Ancient Greeks became more humanised and less deified thanks to the discovery of legal documents and personal letters. Their sensitive side was revealed to historians, where before they had been very much put on a pedestal.

There were legal cases - like one in which a weaver's wife left him, so he remarried. His ex-wife and her mother attacked the poor woman in the street, heavily pregnant, and she lost the child.

Or a man locked his family in the cellar for a week, then stripped his stepdaughters bare and whipped them before setting them on fire.

Scholars have taken more than a century to reconstruct, decipher, and publish only a fraction of the vast collection. But today that process may speed up, thanks to a NASA technology adopted by Brigham Young University in Utah: multi-spectral imaging, usually used to peer into space and "look past" light obstacles such as gas clouds. It is near-infrared on the spectrum.

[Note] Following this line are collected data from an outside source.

(* Let $n\ge 1$ and consider a (categorical) extended linear classifier with features $e_1,\ldots,e_n$, where $e_j\in\{1,\ldots,d_j\}$, real weights $w_0$ and $v_j^r$ ($1\le j\le n$, $1\le r\le d_j$), score $\nu(\mathbf e)=w_0+\sum_{j=1}^n v_j^{e_j}$ and decision $\tau(\mathbf e)=\oplus$ iff $\nu(\mathbf e)>0$. Let $\mathbf a=(a_1,\ldots,a_n)$ be an instance with $\nu(\mathbf a)>0$, and define $\delta_j$ and $\Phi$ as in the context. Let $\langle l_1,\ldots,l_n\rangle$ be an ordering of $\{1,\ldots,n\}$ such that $\delta_{l_1}\ge\delta_{l_2}\ge\cdots\ge\delta_{l_n}$. Then there exists a (unique) $k\in\{0,\ldots,n\}$ with $\sum_{r=1}^{k}\delta_{l_r}>\Phi$ and $\sum_{r=1}^{k-1}\delta_{l_r}\le\Phi$ (where for $k=0$ the second condition is vacuous), and for $\mathcal P=\{l_1,\ldots,l_k\}$: (i) for every $\mathbf e$ in the feature space, if $e_j=a_j$ for all $j\in\mathcal P$ then $\nu(\mathbf e)>0$; and (ii) $\mathcal P$ is an optimal solution of the problem: minimize $\sum_{i=1}^n p_i$ subject to $\sum_{i=1}^n\delta_i p_i>\Phi$, $p_i\in\{0,1\}$ (identifying $\mathcal P$ with $p_i=1$ iff $i\in\mathcal P$). In particular $\mathcal P$ is a PI-explanation of minimum cardinality.
   Context: Feature space: $\mathbb E=\prod_{j=1}^n\{1,\ldots,d_j\}$. For the instance $\mathbf a$, define $v_j^{\omega}=\min_{1\le r\le d_j}v_j^r$, $\delta_j=v_j^{a_j}-v_j^{\omega}\ (\ge 0)$, $\Gamma=\nu(\mathbf a)=w_0+\sum_j v_j^{a_j}$, and $\Phi=\sum_{j=1}^n\delta_j-\Gamma$ (so $-\Phi=w_0+\sum_j v_j^{\omega}$ is the worst-case score). A PI-explanation of the prediction $\tau(\mathbf a)=\oplus$ is a subset-minimal set $\mathcal P\subseteq\{1,\ldots,n\}$ such that for all $\mathbf e\in\mathbb E$, $\bigwedge_{j\in\mathcal P}(e_j=a_j)$ implies $\tau(\mathbf e)=\oplus$. *)

theory Defs
  imports Complex_Main "HOL-Library.FuncSet"
begin

definition feature_space :: "nat \<Rightarrow> (nat \<Rightarrow> nat) \<Rightarrow> (nat \<Rightarrow> nat) set" where
  "feature_space n d = PiE {1..n} (\<lambda>j. {1..d j})"

definition score :: "nat \<Rightarrow> real \<Rightarrow> (nat \<Rightarrow> nat \<Rightarrow> real) \<Rightarrow> (nat \<Rightarrow> nat) \<Rightarrow> real" where
  "score n w0 v e = w0 + (\<Sum>j=1..n. v j (e j))"

definition v_omega :: "(nat \<Rightarrow> nat) \<Rightarrow> (nat \<Rightarrow> nat \<Rightarrow> real) \<Rightarrow> nat \<Rightarrow> real" where
  "v_omega d v j = Min ((v j) ` {1..d j})"

definition delta :: "(nat \<Rightarrow> nat) \<Rightarrow> (nat \<Rightarrow> nat \<Rightarrow> real) \<Rightarrow> (nat \<Rightarrow> nat) \<Rightarrow> nat \<Rightarrow> real" where
  "delta d v a j = v j (a j) - v_omega d v j"

definition Phi :: "nat \<Rightarrow> (nat \<Rightarrow> nat) \<Rightarrow> real \<Rightarrow> (nat \<Rightarrow> nat \<Rightarrow> real) \<Rightarrow> (nat \<Rightarrow> nat) \<Rightarrow> real" where
  "Phi n d w0 v a = (\<Sum>j=1..n. delta d v a j) - score n w0 v a"

definition sufficient ::
  "nat \<Rightarrow> (nat \<Rightarrow> nat) \<Rightarrow> real \<Rightarrow> (nat \<Rightarrow> nat \<Rightarrow> real) \<Rightarrow> (nat \<Rightarrow> nat) \<Rightarrow> nat set \<Rightarrow> bool" where
  "sufficient n d w0 v a P \<longleftrightarrow>
     (\<forall>e\<in>feature_space n d. (\<forall>j\<in>P. e j = a j) \<longrightarrow> score n w0 v e > 0)"

definition PI_explanation ::
  "nat \<Rightarrow> (nat \<Rightarrow> nat) \<Rightarrow> real \<Rightarrow> (nat \<Rightarrow> nat \<Rightarrow> real) \<Rightarrow> (nat \<Rightarrow> nat) \<Rightarrow> nat set \<Rightarrow> bool" where
  "PI_explanation n d w0 v a P \<longleftrightarrow>
     P \<subseteq> {1..n} \<and> sufficient n d w0 v a P \<and>
     (\<forall>Q. Q \<subset> P \<longrightarrow> \<not> sufficient n d w0 v a Q)"

end

theory Submission
  imports Defs
begin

MSI can even see text on papyrii that has been scrubbed out and written over (known as a palimpsest). The near-IR light can see past the newer ink to the more ancient ink that is carbon-based, and in which most of the Oxyrhynchus texts are written.

It may help scientists process the papyrii up to 10 times faster, and the images are being published on the internet for a greater number of papyrologists to decipher.

There is also a plan to scan through the layers of paint and gesso to read layer upon layer of papyrus recycled as papier mache mummy masks. Thanks to this new technology, there is more literature to emerge in the years to come.

Links I've just discovered, if you want to know more:

Oxy at Oxford

Wikipedia rarely disappoints

P.S. The Oxyrhynchus is a "sharp-nosed" fish, also a deity after which the city was named.